We should hang our heads in shame that we have neglected so long the means
for saner living.

[Illustration: Fig. 6.--Old Kitchen Remodelled. (Stone, Carpenter &
Wilson, Architects, Providence, R.I.) Looking toward the range. Servants'
sitting-room beyond; porcelain sink at left; boiler (*remainder cut off).]

[Illustration: Fig. 7.--Old Kitchen Remodelled. Showing glass shelves
and labelled glass jars for all stores. Glass mixing table at left
(*remainder cut off).]

It has been said that the highest modern civilization is shown not so
much by costly monuments and works of art as by the perfection of house
conveniences. Where then do we stand? And in what direction are we to look
for the coming advance? We have had some sixty years of public sanitation;
we have secured a supply of sanitary experts to whom all questions
affecting the physical welfare of masses of people may be referred. We
have a few architects who know the requirements of a _livable_ house, not
merely one which shows off well as first built.
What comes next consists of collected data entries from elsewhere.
lemma norm_matrix_mult_entry_le:
  fixes X :: "complex^'n::finite^'m" and X' :: "complex^'p^'n"
    and Y :: "real^'n^'m" and Y' :: "real^'p^'n"
  assumes "\<And>i j. cmod (X $ i $ j) \<le> Y $ i $ j" "\<And>i j. cmod (X' $ i $ j) \<le> Y' $ i $ j"
  shows "cmod ((X ** X') $ i $ j) \<le> (Y ** Y') $ i $ j"
proof -
  have "cmod ((X ** X') $ i $ j) \<le> (\<Sum>l\<in>UNIV. cmod (X $ i $ l) * cmod (X' $ l $ j))"
    unfolding matrix_matrix_mult_def by (simp add: sum_norm_le norm_mult)
  also have "\<dots> \<le> (\<Sum>l\<in>UNIV. Y $ i $ l * Y' $ l $ j)"
    by (intro sum_mono mult_mono assms) (auto intro: order_trans[OF norm_ge_zero assms(1)])
  finally show ?thesis by (simp add: matrix_matrix_mult_def)
qed

lemma partial_prod_entry_le:
  assumes "\<And>n i j. cmod (F n $ i $ j) \<le> B $ i $ j"
  shows "cmod (partial_prod F m $ i $ j) \<le> matpow B m $ i $ j"
proof (induction m arbitrary: i j)
  case 0
  then show ?case by (simp add: mat_def)
next
  case (Suc m)
  then show ?case by (simp add: norm_matrix_mult_entry_le assms)
qed

lemma partial_prod_deviation_le:
  fixes F :: "nat \<Rightarrow> complex^'n::finite^'n" and B :: "real^'n^'n"
  assumes bound: "\<And>n i j. cmod (F n $ i $ j) \<le> B $ i $ j"
    and dev: "\<And>n i j. cmod ((F n - cmatrix B) $ i $ j) \<le> e n * B $ i $ j"
  shows "cmod ((partial_prod F m - cmatrix (matpow B m)) $ i $ j)
           \<le> (\<Sum>n<m. e (Suc n)) * matpow B m $ i $ j"
proof (induction m arbitrary: i j)
  case 0
  then show ?case by (simp add: cmatrix_mat_1)
next
  case (Suc m)
  let ?S = "\<Sum>n<m. e (Suc n)" and ?D = "partial_prod F m - cmatrix (matpow B m)"
  have "0 \<le> B $ i $ j" for i j
    using bound[of 0 i j] norm_ge_zero order_trans by blast
  then have "cmod (cmatrix (matpow B m) $ i $ j) \<le> matpow B m $ i $ j" for i j
    using matpow_nonneg[of B m i j] by (simp add: cmatrix_def)
  then have "cmod ((cmatrix (matpow B m) ** (F (Suc m) - cmatrix B)) $ i $ j)
      \<le> (matpow B m ** (e (Suc m) *\<^sub>R B)) $ i $ j"
    by (intro norm_matrix_mult_entry_le) (use dev in simp_all)
  moreover have "cmod ((?D ** F (Suc m)) $ i $ j) \<le> ((?S *\<^sub>R matpow B m) ** B) $ i $ j"
    by (intro norm_matrix_mult_entry_le) (use Suc bound in simp_all)
  moreover have "partial_prod F (Suc m) - cmatrix (matpow B (Suc m))
      = ?D ** F (Suc m) + cmatrix (matpow B m) ** (F (Suc m) - cmatrix B)"
    by (simp add: cmatrix_mult matrix_diff_rdistrib matrix_diff_ldistrib)
  ultimately have "cmod ((partial_prod F (Suc m) - cmatrix (matpow B (Suc m))) $ i $ j)
      \<le> ((?S *\<^sub>R matpow B m) ** B) $ i $ j + (matpow B m ** (e (Suc m) *\<^sub>R B)) $ i $ j"
    by (simp add: norm_triangle_le)
  also have "\<dots> = (\<Sum>n<Suc m. e (Suc n)) * matpow B (Suc m) $ i $ j"
    by (simp add: matrix_scalar_ac scalar_matrix_assoc[symmetric] algebra_simps)
  finally show ?case .
qed

lemma convergent_if_approximated:
  fixes x :: "nat \<Rightarrow> 'a::complete_space" and g :: "nat \<Rightarrow> nat \<Rightarrow> 'a"
  assumes conv: "\<And>K. convergent (g K)" and approx: "\<And>K m. dist (x (K + m)) (g K m) \<le> T K"
    and T: "T \<longlonglongrightarrow> 0"
  shows "convergent x"
proof -
  have "Cauchy x"
  proof (rule metric_CauchyI)
    fix e :: real assume "0 < e"
    then have "eventually (\<lambda>K. T K < e / 3) sequentially"
      using order_tendstoD(2)[OF T, of "e / 3"] by simp
    then obtain K where K: "T K < e / 3" by (auto simp: eventually_sequentially)
    obtain N where N: "\<forall>m\<ge>N. \<forall>m'\<ge>N. dist (g K m) (g K m') < e / 3"
      using metric_CauchyD[OF convergent_Cauchy[OF conv]] \<open>0 < e\<close>
      by (meson divide_pos_pos zero_less_numeral)
    show "\<exists>M. \<forall>n\<ge>M. \<forall>n'\<ge>M. dist (x n) (x n') < e"
    proof (intro exI allI impI)
      fix n n' assume "K + N \<le> n" "K + N \<le> n'"
      then have "n = K + (n - K)" "n' = K + (n' - K)" "N \<le> n - K" "N \<le> n' - K" by auto
      then have "dist (x n) (g K (n - K)) < e / 3" "dist (g K (n - K)) (g K (n' - K)) < e / 3"
          "dist (g K (n' - K)) (x n') < e / 3"
        using approx[of K "n - K"] approx[of K "n' - K"] K N by (auto simp: dist_commute)
      then show "dist (x n) (x n') < e"
        by (rule dist_triangle_third)
    qed
  qed
  then show ?thesis by (simp add: Cauchy_convergent_iff)
qed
We _need_ sixty years of private-house sanitation. We need to educate
house experts, home advisers, those who know how to examine a house not
only while it is empty but while it is throbbing with the life of the
family. This adviser must be, for many years at least, able to suggest
practical methods of overcoming structural defects (more difficult than
fresh construction), as well as of modifying personal prejudices.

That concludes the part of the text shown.